Só nos restou abandonar o carro e ir até a casa da sogra que ficava do ladinho. Chegando lá nos sentamos nos degraus da escadinha, na porta da frente. Já passava das 21h. Tudo na maior escuridão. A tempestade que tanto ameaçou, já tinha feito as malas e partido, sem um pingo d’água. E quando eu olhei para o céu… Eu achei que fosse me perder ali. Fazia muito tempo que eu não encarava com calma, com tempo, no escuro essa vastidão de luz. Engraçado como sempre bate aquela vontade inexplicável de tentar contar todas as estrelas… Aquela vontade de fazer pedidos impossíveis… Aquela vontade de poder voar, alcançar o céu e se juntar aos pontinhos brilhantes

Quando eu era criança e ainda morávamos naquela primeira casa da minha infância no interior de Timbó (se é que isso é possível – desculpe, não posso evitar), lembro dos verões… Os verões quentes de Timbó, onde era impossível ficar dentro de casa. Os ventiladores nos seus marcantes ‘tec-tec’ não davam conta do recado e o jeito era esperar a temperatura baixar… O jeito era como minha mãe diz até hoje: “Pegar um ar fresco na rua”. Nesse caso no nosso gramado, em frente a nossa casa (fotos comprometedoras com rastéis indicam o lugar). Lá nos sentávamos para observar o céu enquanto o calor cedia. Eu e minha mãe.

Lembro de como era escuro, como a única luz era a das estrelas distantes no céu… Lembro que muitas vezes levava horas para vermos uma estrela cadente. Lembro de como minha mãe me ensinou a fazer pedidos… Nunca coisas materias. Lembro da primeira estrela cadente que eu avistei. Lembro de minha mãe perguntar se eu tinha feito meu pedido. Lembro (como se fosse ontem) de pedir para conhecer meu pai, tanto que eu queria. Lembro do silêncio, da fé, das esperanças em um sonho. Lembro de o calor ceder…

Nunca conheci meu pai. Eu não sabia mas, nessa época ele já havia falecido há alguns anos. Nunca contei isso para ninguém. Esse pequeno detalhe que me constrangia: Eu queria ter conhecido meu pai. Fosse um bom ou um mau pai. Meu pai. Mas hoje bateu a vontade de escrever. Meu pedido, eu devo ter feito tarde demais, ou talvez fosse um pedido grande demais para uma única estrela. Não sei… Mas lembrei de tudo isso enquanto encarava o céu estrelado, o lindo céu estrelado de Palhoça… Também lembrei que nesse mesmo gramado onde fiz meu primeiro pedido a uma estrela cadente, era raro mas, às vezes avistávamos aviões, minúsculos e distantes… E eu me perguntava se eram naves alienígenas que em alguns minutos destruiriam nosso lindo planetinha. (Meu Deus, isso que dá procrastinar as missas de domingo de manhã!)

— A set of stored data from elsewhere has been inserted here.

(* Let $\mathcal{H}$ be a finite-dimensional Hilbert space and let $\Phi:\mathcal{B}(\mathcal{H})\to\mathcal{B}(\mathcal{H})$ be a unital quantum channel (completely positive, trace-preserving, with $\Phi(\mathbb{1})=\mathbb{1}$). Let $\rho_{\text{in}}=\sum_{i=1}^{r}p_i|p_i\rangle\langle p_i|$ be a density matrix on $\mathcal{H}$ of rank $r$, where $\{|p_i\rangle\}_{i=1}^r$ are orthonormal, $0<p_i\leq1$, $\sum_{i=1}^r p_i=1$, and let $\rho_{\text{out}}=\Phi(\rho_{\text{in}})$. Let $\Delta S\equiv S(\rho_{\text{out}})-S(\rho_{\text{in}})$ and $$L_{\text{otm}}\equiv-\ln\Big(\sum_{i=1}^{r}e^{-C(\Phi(|p_i\rangle\langle p_i|),\rho_{\text{out}})}\Big).$$ Then $\Delta S\geq L_{\text{otm}}\geq 0$.
   Context: $\mathcal{B}(\mathcal{H})$ denotes the set of density matrices on $\mathcal{H}$ and $\mathbb{1}$ the identity on $\mathcal{H}$. $S(\rho)\equiv-\mathrm{Tr}[\rho\ln\rho]$ is the von Neumann entropy. $C(\rho_1,\rho_2)\equiv-\mathrm{Tr}[\rho_1\ln\rho_2]$ is the quantum cross entropy of $\rho_1$ with respect to $\rho_2$; it is finite when $\mathrm{supp}(\rho_1)\subseteq\mathrm{supp}(\rho_2)$ (with $\ln\rho_2$ taken on the support of $\rho_2$) and $+\infty$ otherwise. *)

theory Defs
  imports Complex_Main "HOL-Library.Extended_Real" "Jordan_Normal_Form.Matrix"
begin

text \<open>Operators on the n-dimensional Hilbert space C^n are complex n x n matrices.\<close>

definition mtrace :: "complex mat \<Rightarrow> complex" where
  "mtrace A = (\<Sum>i<dim_row A. A $$ (i, i))"

definition adj :: "complex mat \<Rightarrow> complex mat" where
  "adj A = mat (dim_col A) (dim_row A) (\<lambda>(i, j). cnj (A $$ (j, i)))"

definition cinner :: "complex vec \<Rightarrow> complex vec \<Rightarrow> complex" where
  "cinner v w = (\<Sum>i<dim_vec v. cnj (v $ i) * w $ i)"

definition hermitian :: "complex mat \<Rightarrow> bool" where
  "hermitian A \<longleftrightarrow> adj A = A"

definition psd :: "nat \<Rightarrow> complex mat \<Rightarrow> bool" where
  "psd n A \<longleftrightarrow> A \<in> carrier_mat n n \<and> hermitian A \<and>
     (\<forall>v \<in> carrier_vec n. 0 \<le> Re (cinner v (A *\<^sub>v v)))"

definition density_matrix :: "nat \<Rightarrow> complex mat \<Rightarrow> bool" where
  "density_matrix n \<rho> \<longleftrightarrow> psd n \<rho> \<and> mtrace \<rho> = 1"

definition unitary_mat :: "nat \<Rightarrow> complex mat \<Rightarrow> bool" where
  "unitary_mat n U \<longleftrightarrow> U \<in> carrier_mat n n \<and> adj U * U = 1\<^sub>m n"

definition rdiag :: "nat \<Rightarrow> (nat \<Rightarrow> real) \<Rightarrow> complex mat" where
  "rdiag n d = mat n n (\<lambda>(i, j). if i = j then complex_of_real (d i) else 0)"

definition mat_fun :: "nat \<Rightarrow> (real \<Rightarrow> real) \<Rightarrow> complex mat \<Rightarrow> complex mat" where
  "mat_fun n f A =
     (let (U, d) = (SOME (U, d). unitary_mat n U \<and> A = U * rdiag n d * adj U)
      in U * rdiag n (f \<circ> d) * adj U)"

definition ln_supp :: "real \<Rightarrow> real" where
  "ln_supp x = (if x > 0 then ln x else 0)"

definition supp :: "complex mat \<Rightarrow> complex vec set" where
  "supp A = {A *\<^sub>v v | v. v \<in> carrier_vec (dim_col A)}"

definition vN_entropy :: "nat \<Rightarrow> complex mat \<Rightarrow> real" where
  "vN_entropy n \<rho> = - Re (mtrace (\<rho> * mat_fun n ln_supp \<rho>))"

definition cross_entropy :: "nat \<Rightarrow> complex mat \<Rightarrow> complex mat \<Rightarrow> ereal" where
  "cross_entropy n \<rho>1 \<rho>2 =
     (if supp \<rho>1 \<subseteq> supp \<rho>2 then ereal (- Re (mtrace (\<rho>1 * mat_fun n ln_supp \<rho>2))) else \<infinity>)"

definition exp_neg :: "ereal \<Rightarrow> real" where
  "exp_neg x = (case x of ereal y \<Rightarrow> exp (- y) | PInfty \<Rightarrow> 0 | MInfty \<Rightarrow> 0)"

definition ketbra :: "complex vec \<Rightarrow> complex mat" where
  "ketbra v = mat (dim_vec v) (dim_vec v) (\<lambda>(i, j). v $ i * cnj (v $ j))"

Uma coisa é certa. Nem tudo que queremos pode ser nosso. Algumas coisas têm seu tempo certo. Outras nunca irão ter… Nem sempre as pessoas pensam como a gente, sentir então nem se comenta. Nem sempre a gente deveria esperar pelo ônibus no ponto. Às vezes o melhor é caminhar, noite afora, sob o céu estrelado. E quem sabe encontrar uma estrela cadente?.. Alguns pedidos nunca se realizam, é verdade, mas uma coisa é certa… Enquanto sonhamos acordados, o calor vai ceder.

“Pensando nas estrelas noite após noite começo a perceber que ‘as estrelas são palavras‘ e todos os incontáveis mundo da Via Láctea são palavras, e esse mundo também o é…” Jack Kerouac

O corre-corre de Natal continua firme e forte. Por essa razão devo retornar somente na próxima semana… Então colocarei livros, posts e principalmente o meu sono em dia!